Copy out each line below containing "which".

══ Supplied data ══

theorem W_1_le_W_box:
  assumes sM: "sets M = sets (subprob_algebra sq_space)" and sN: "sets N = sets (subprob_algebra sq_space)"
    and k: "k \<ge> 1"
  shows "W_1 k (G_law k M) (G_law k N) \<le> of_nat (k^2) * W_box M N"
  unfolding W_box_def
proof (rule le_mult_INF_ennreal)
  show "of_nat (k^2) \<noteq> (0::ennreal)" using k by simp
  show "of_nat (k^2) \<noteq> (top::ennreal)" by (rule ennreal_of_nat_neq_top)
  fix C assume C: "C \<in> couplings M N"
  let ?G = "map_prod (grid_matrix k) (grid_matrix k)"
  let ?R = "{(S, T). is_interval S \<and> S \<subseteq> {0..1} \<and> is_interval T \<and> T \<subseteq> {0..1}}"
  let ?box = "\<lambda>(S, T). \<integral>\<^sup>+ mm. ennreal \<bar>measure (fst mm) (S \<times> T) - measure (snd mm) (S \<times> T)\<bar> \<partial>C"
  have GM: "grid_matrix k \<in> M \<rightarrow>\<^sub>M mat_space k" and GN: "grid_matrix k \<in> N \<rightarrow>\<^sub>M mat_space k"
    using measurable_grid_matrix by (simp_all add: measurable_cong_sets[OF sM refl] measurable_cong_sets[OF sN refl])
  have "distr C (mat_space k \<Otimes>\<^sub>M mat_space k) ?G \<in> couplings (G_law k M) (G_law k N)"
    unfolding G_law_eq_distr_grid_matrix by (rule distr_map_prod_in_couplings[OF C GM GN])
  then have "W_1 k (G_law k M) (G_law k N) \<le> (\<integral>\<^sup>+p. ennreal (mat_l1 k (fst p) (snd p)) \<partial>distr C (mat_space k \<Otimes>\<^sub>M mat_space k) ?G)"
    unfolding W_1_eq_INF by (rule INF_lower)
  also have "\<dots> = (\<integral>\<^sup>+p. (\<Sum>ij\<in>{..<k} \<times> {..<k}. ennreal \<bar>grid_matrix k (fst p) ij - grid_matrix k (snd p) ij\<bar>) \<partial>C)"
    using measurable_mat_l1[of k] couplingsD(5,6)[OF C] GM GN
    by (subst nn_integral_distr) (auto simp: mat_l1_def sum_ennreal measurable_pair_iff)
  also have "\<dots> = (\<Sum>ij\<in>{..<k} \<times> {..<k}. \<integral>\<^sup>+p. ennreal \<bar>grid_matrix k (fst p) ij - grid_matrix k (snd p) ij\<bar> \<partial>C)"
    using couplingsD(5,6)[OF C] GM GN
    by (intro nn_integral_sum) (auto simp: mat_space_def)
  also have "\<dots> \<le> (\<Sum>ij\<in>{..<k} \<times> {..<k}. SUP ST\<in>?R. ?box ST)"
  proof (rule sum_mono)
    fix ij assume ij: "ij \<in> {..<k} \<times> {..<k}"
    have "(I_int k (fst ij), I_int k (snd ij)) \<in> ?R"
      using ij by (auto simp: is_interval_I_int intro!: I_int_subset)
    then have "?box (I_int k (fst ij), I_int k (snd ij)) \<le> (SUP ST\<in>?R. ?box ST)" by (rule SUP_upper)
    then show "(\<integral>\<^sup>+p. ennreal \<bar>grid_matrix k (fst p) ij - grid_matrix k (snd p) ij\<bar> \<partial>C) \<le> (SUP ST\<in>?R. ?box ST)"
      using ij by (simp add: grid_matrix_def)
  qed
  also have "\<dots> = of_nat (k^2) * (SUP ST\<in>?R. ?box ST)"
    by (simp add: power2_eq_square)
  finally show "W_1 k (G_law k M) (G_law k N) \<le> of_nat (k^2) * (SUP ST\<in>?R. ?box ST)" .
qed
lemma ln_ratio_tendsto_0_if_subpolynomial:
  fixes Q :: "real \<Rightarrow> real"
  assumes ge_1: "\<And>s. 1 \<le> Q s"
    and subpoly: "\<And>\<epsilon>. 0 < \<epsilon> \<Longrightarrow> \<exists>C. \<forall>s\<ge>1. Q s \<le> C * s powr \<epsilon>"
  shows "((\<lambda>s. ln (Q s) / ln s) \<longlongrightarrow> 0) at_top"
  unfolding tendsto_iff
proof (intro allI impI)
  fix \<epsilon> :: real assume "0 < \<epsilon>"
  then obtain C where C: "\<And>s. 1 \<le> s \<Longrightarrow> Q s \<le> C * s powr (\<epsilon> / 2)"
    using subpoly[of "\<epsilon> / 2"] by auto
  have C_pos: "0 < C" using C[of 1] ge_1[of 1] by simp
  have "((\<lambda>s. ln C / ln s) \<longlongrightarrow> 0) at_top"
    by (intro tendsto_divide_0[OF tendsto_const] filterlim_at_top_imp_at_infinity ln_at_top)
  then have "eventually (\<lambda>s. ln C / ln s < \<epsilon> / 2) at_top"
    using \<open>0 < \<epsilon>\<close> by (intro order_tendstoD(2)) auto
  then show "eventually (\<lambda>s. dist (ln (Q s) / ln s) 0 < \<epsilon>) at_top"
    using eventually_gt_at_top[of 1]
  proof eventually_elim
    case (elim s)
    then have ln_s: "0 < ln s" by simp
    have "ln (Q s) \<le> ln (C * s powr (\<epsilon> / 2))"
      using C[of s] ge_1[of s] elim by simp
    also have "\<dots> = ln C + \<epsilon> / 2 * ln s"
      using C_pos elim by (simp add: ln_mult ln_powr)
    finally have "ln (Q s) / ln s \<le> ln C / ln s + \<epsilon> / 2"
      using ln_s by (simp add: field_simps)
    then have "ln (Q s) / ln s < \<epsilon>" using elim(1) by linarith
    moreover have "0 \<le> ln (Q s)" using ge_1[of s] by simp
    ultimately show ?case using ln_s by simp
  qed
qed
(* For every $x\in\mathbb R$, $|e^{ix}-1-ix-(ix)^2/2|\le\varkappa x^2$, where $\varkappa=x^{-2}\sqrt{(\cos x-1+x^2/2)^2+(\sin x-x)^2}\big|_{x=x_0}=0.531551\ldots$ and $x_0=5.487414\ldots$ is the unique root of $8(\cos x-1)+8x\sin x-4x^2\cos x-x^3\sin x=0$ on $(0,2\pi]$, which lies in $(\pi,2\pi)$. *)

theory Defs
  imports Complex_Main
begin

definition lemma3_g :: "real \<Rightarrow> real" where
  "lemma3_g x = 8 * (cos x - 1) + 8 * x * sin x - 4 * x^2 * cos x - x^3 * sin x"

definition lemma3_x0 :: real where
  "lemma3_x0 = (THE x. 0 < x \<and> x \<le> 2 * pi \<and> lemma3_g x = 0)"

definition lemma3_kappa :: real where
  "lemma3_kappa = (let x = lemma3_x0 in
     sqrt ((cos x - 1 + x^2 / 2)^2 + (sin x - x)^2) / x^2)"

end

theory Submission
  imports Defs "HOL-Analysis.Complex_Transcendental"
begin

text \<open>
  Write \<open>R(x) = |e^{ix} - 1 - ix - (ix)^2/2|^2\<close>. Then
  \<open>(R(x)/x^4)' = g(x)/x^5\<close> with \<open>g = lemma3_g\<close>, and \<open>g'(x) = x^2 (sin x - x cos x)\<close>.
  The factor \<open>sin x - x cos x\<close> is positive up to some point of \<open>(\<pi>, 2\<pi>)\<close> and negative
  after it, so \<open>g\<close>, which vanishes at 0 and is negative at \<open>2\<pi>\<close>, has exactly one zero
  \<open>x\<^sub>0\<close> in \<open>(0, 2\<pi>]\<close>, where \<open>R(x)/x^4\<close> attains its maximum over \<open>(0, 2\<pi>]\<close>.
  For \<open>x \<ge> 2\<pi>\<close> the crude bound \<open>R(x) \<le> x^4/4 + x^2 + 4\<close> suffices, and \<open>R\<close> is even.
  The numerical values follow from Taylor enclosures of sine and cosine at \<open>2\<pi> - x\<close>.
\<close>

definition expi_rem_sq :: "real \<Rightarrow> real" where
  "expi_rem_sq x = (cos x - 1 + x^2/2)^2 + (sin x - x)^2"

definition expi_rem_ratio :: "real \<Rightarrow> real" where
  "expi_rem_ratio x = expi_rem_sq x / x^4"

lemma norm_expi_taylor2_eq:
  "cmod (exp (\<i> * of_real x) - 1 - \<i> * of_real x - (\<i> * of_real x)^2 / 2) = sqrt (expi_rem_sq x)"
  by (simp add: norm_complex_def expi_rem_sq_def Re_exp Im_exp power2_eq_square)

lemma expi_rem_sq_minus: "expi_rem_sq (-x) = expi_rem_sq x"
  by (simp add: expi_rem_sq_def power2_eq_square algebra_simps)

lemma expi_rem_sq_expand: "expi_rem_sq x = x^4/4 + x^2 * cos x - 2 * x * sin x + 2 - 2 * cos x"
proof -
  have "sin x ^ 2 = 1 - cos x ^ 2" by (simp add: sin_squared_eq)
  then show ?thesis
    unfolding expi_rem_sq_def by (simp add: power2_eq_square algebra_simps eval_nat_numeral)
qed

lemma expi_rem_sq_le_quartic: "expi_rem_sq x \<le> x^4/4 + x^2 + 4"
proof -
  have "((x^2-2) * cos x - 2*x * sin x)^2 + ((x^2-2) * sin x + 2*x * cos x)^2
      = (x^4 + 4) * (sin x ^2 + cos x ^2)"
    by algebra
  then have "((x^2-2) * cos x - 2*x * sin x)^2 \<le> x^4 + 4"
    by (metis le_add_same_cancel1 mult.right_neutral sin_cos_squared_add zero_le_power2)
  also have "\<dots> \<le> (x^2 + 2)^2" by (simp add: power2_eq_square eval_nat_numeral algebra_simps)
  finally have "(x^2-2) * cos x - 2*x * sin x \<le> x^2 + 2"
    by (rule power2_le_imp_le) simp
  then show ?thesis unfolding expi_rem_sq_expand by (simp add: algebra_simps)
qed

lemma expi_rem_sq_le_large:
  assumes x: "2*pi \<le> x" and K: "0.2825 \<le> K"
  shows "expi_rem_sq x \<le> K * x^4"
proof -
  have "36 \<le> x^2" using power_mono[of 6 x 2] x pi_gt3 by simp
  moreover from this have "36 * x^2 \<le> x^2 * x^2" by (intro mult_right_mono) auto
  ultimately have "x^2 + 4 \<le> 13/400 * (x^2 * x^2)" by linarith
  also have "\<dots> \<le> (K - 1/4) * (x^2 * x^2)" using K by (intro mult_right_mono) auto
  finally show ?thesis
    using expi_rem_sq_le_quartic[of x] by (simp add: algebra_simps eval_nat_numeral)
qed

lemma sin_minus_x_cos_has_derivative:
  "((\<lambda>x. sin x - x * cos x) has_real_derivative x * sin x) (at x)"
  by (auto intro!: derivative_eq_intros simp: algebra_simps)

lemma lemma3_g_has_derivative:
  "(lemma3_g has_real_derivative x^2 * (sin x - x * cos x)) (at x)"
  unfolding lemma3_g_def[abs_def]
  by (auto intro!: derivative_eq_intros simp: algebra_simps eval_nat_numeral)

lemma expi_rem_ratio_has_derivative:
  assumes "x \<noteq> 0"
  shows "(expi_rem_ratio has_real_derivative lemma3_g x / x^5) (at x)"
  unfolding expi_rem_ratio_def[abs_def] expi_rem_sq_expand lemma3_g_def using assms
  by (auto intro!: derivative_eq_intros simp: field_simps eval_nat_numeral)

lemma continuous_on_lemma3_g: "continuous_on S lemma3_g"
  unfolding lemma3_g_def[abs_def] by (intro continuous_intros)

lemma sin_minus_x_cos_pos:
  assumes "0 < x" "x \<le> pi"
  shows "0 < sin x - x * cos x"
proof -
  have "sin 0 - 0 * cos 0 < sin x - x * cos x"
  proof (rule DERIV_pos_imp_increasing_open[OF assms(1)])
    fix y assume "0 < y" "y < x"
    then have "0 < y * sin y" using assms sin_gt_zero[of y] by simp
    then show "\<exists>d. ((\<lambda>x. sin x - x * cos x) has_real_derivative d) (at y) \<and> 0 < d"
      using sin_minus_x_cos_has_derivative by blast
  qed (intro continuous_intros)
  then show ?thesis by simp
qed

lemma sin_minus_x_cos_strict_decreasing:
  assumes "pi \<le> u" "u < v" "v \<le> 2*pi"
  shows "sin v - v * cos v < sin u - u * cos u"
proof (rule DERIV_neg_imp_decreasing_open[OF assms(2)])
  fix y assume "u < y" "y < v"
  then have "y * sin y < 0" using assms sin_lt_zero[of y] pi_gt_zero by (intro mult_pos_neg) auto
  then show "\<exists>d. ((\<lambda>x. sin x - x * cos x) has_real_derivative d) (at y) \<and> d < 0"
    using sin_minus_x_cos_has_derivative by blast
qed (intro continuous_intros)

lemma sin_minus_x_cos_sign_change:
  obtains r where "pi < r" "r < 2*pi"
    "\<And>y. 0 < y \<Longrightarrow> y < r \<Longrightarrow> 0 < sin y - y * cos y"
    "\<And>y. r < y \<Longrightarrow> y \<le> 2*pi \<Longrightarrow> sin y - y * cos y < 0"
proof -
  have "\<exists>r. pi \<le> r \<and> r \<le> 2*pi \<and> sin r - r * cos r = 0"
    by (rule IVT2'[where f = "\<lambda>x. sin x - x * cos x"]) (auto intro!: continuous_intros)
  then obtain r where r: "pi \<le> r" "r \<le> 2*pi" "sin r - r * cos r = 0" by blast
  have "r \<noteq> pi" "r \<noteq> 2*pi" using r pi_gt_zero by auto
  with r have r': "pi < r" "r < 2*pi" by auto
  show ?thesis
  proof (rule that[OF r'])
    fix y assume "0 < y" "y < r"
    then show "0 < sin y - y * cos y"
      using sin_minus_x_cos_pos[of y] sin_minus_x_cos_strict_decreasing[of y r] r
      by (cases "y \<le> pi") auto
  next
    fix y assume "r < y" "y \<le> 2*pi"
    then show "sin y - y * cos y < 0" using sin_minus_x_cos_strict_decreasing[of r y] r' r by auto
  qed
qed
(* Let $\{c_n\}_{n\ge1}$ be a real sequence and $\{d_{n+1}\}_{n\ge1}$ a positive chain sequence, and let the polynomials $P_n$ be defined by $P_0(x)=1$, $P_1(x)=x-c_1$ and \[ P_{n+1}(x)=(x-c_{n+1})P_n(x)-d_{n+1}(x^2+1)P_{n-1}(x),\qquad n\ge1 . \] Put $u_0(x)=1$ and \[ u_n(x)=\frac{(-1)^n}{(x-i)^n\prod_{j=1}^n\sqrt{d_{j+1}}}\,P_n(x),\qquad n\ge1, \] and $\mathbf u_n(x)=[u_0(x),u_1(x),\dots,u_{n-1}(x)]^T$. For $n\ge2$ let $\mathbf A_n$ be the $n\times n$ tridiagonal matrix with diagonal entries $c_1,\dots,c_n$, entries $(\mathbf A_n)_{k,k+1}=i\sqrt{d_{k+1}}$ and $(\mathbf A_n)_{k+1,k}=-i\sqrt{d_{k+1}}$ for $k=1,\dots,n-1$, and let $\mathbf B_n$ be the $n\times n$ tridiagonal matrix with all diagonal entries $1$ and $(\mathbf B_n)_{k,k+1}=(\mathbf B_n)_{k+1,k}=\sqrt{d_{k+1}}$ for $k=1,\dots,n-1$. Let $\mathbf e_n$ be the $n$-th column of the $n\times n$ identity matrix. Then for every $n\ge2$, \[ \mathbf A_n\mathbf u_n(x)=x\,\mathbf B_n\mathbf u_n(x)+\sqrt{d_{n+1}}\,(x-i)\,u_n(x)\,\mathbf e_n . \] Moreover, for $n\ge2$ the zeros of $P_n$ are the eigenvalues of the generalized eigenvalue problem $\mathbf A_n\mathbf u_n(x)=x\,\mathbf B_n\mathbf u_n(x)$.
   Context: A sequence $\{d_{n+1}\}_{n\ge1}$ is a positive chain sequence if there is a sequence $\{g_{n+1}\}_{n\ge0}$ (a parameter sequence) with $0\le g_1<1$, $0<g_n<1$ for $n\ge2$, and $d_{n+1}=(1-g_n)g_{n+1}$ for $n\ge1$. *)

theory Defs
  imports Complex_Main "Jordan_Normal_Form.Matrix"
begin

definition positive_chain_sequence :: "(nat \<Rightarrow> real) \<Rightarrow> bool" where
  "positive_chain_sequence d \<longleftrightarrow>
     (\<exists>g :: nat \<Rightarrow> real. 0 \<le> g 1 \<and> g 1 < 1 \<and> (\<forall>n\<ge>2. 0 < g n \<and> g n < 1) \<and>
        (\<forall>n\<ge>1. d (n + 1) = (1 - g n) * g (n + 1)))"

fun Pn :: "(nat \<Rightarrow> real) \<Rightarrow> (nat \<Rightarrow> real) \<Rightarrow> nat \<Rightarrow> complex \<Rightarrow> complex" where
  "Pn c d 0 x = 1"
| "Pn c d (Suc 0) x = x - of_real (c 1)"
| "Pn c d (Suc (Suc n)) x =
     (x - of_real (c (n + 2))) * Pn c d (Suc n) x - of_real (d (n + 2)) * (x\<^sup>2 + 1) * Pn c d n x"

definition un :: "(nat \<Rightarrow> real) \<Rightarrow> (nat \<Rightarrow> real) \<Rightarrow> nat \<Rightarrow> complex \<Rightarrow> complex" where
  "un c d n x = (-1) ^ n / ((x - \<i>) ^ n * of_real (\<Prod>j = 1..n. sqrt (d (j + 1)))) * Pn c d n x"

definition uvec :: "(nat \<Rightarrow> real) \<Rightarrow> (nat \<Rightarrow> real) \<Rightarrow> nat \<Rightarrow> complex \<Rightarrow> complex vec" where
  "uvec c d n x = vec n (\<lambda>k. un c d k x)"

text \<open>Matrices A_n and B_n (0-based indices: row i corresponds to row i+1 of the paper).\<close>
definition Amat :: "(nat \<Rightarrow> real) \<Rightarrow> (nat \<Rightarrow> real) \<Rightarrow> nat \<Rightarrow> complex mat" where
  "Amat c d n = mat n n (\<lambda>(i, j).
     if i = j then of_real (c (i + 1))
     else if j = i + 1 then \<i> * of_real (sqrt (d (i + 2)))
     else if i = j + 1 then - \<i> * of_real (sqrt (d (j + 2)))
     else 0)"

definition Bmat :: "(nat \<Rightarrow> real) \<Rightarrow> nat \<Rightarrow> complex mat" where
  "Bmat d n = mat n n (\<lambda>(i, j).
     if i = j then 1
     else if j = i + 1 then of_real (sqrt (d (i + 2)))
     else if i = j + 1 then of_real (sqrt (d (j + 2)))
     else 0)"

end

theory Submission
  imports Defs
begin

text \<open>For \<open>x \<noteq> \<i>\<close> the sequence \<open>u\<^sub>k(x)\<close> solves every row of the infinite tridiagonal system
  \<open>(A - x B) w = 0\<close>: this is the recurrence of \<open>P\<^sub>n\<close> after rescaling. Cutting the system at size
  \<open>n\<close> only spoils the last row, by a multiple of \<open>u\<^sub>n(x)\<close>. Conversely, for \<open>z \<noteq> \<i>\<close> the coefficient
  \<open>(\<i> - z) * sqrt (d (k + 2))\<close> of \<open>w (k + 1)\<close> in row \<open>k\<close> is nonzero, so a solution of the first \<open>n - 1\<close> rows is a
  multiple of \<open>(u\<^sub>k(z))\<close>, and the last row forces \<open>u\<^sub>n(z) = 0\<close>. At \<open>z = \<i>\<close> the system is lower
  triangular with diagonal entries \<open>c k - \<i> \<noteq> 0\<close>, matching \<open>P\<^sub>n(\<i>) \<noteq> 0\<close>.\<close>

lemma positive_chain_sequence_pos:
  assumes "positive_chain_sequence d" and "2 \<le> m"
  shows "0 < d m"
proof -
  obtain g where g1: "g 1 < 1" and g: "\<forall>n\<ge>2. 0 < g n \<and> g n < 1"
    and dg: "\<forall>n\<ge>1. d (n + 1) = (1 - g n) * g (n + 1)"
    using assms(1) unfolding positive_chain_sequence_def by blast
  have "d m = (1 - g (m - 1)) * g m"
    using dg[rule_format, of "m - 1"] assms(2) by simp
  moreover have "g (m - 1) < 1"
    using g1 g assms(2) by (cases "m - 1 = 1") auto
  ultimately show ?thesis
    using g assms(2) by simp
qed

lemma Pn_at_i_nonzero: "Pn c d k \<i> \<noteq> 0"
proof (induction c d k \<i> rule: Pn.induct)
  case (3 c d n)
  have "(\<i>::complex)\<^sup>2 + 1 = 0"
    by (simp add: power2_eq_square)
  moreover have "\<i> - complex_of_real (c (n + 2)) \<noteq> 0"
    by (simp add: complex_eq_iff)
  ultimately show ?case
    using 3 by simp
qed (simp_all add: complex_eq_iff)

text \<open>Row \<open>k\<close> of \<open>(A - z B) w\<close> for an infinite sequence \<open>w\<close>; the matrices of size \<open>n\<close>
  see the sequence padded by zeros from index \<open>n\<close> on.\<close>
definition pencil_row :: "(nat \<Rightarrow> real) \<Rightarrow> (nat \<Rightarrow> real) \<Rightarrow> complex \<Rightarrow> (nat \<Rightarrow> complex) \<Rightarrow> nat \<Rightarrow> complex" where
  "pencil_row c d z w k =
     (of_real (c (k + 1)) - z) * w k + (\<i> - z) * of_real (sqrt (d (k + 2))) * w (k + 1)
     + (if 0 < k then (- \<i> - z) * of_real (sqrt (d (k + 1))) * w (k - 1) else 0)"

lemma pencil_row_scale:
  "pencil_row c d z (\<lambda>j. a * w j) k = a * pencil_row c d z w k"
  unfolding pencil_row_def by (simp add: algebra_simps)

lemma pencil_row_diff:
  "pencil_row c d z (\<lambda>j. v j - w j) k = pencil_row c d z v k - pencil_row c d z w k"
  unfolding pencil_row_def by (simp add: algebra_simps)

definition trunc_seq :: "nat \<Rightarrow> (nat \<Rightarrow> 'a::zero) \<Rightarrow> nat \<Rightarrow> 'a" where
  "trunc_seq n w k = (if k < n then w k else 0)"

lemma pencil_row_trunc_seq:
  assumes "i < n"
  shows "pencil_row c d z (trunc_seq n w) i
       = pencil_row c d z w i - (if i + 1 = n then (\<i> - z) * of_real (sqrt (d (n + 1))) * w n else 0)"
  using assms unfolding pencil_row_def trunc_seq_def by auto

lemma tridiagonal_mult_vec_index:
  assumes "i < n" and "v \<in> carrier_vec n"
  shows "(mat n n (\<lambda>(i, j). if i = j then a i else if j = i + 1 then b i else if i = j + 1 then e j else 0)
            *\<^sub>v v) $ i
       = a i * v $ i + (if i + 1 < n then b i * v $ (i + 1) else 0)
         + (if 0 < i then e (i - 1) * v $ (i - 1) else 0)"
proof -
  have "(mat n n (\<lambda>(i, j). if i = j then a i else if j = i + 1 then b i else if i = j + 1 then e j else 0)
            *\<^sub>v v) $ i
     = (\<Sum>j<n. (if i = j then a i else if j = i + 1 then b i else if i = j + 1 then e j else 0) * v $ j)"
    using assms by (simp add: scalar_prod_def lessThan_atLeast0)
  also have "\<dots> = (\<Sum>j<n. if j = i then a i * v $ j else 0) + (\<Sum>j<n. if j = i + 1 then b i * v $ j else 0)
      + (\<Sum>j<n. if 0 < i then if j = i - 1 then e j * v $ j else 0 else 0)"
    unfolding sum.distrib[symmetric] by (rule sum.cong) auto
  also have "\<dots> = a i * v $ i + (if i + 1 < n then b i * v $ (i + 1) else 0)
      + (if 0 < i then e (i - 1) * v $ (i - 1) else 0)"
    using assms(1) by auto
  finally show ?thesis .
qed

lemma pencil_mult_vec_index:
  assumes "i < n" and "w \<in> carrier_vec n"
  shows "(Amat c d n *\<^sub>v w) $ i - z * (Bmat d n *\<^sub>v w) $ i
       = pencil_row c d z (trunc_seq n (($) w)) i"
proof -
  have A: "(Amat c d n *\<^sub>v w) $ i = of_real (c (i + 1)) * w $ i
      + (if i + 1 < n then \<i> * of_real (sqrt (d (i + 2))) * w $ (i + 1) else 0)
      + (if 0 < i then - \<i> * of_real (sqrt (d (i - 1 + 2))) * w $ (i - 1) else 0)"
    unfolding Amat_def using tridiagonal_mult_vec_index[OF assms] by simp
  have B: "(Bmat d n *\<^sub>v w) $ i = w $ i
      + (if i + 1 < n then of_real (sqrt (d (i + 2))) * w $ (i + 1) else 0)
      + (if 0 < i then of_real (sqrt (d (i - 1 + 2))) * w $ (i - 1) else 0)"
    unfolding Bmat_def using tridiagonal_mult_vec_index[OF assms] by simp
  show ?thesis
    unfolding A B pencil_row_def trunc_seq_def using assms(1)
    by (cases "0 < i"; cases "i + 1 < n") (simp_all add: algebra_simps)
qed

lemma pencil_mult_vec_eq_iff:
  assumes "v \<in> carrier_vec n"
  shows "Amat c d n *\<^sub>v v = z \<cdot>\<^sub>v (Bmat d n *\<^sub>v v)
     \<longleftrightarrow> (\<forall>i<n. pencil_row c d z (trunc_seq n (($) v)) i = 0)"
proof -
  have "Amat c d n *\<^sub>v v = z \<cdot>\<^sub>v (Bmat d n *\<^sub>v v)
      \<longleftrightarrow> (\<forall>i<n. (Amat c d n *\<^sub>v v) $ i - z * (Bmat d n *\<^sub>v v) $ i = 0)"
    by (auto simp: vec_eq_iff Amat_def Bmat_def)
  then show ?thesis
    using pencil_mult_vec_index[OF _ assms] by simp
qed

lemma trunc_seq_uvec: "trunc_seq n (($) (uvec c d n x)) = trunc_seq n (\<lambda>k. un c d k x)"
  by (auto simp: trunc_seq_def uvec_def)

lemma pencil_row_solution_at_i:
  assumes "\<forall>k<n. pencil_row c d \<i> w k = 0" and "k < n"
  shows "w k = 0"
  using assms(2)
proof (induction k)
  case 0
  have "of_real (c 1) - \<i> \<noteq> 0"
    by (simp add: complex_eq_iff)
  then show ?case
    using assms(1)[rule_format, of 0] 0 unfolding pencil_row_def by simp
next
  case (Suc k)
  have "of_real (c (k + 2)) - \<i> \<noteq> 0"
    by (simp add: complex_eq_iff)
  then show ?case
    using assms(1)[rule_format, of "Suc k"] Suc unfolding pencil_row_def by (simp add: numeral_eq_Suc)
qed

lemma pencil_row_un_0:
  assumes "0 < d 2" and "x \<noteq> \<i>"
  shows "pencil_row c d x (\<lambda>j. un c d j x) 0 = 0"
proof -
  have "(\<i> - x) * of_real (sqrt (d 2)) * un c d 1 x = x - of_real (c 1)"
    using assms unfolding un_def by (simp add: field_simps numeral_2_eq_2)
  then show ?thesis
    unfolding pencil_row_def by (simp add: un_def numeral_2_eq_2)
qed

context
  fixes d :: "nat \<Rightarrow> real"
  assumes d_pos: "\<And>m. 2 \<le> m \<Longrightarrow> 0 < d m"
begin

═══

__Response__.
(* For every $x\in\mathbb R$, $|e^{ix}-1-ix-(ix)^2/2|\le\varkappa x^2$, where $\varkappa=x^{-2}\sqrt{(\cos x-1+x^2/2)^2+(\sin x-x)^2}\big|_{x=x_0}=0.531551\ldots$ and $x_0=5.487414\ldots$ is the unique root of $8(\cos x-1)+8x\sin x-4x^2\cos x-x^3\sin x=0$ on $(0,2\pi]$, which lies in $(\pi,2\pi)$. *)
  after it, so \<open>g\<close>, which vanishes at 0 and is negative at \<open>2\<pi>\<close>, has exactly one zero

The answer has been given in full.